Data provided below:
(* Let $p$ be an odd prime and let $q\in\mathbb C_p$ with $|1-q|_p<p^{-1/(p-1)}$. For every $n\in\mathbb Z_+=\{0,1,2,\dots\}$, $$E_{n,q}=\sum_{k=0}^n\sum_{m=0}^k\sum_{l=m}^k q^{\binom k2}s_{2,q}(n,k)\,(q-1)^{m-k}\binom kl_q q^{\binom l2+l(1-k)}\binom lm(-1)^{l+k}E_{m,q}.$$
   Context: $\mathbb Z_p,\mathbb C_p$ denote the $p$-adic integers and the completion of an algebraic closure of $\mathbb Q_p$; $|\cdot|_p$ is normalized by $|p|_p=p^{-1}$. For $x\in\mathbb Z_p$, $[x]_q=\frac{1-q^x}{1-q}$. The fermionic $p$-adic integral of a uniformly differentiable $f:\mathbb Z_p\to\mathbb C_p$ is $\int_{\mathbb Z_p}f(x)\,d\mu_{-1}(x)=\lim_{N\to\infty}\sum_{x=0}^{p^N-1}f(x)(-1)^x$. The $q$-Euler numbers are $E_{n,q}=\int_{\mathbb Z_p}[x]_q^n\,d\mu_{-1}(x)$ (equivalently $E_{n,q}=\frac{2}{(1-q)^n}\sum_{l=0}^n\binom nl(-1)^l\frac{1}{1+q^l}$). $[n]_q!=[n]_q[n-1]_q\cdots[1]_q$ ($[0]_q!=1$) and $\binom kl_q=\frac{[k]_q!}{[l]_q![k-l]_q!}$; $\binom lm$ is the ordinary binomial coefficient. The $q$-Stirling numbers of the second kind $s_{2,q}(n,k)$ are the coefficients in the identity $[x]_q^n=\sum_{k=0}^n q^{\binom k2}s_{2,q}(n,k)\,[x]_q[x-1]_q\cdots[x-k+1]_q$, viewed as an identity of polynomials in $[x]_q$ (using $[x-i]_q=q^{-i}([x]_q-[i]_q)$). *)

theory Defs
  imports Complex_Main "HOL-Computational_Algebra.Polynomial"
begin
End of Data provided.
▶ **Problem description**: Write out the line containing "theory Defs" and every line after it through the end of the entries. Keep each one exactly as it is, and add nothing.

▶ **Exercise result**:
theory Defs
  imports Complex_Main "HOL-Computational_Algebra.Polynomial"
begin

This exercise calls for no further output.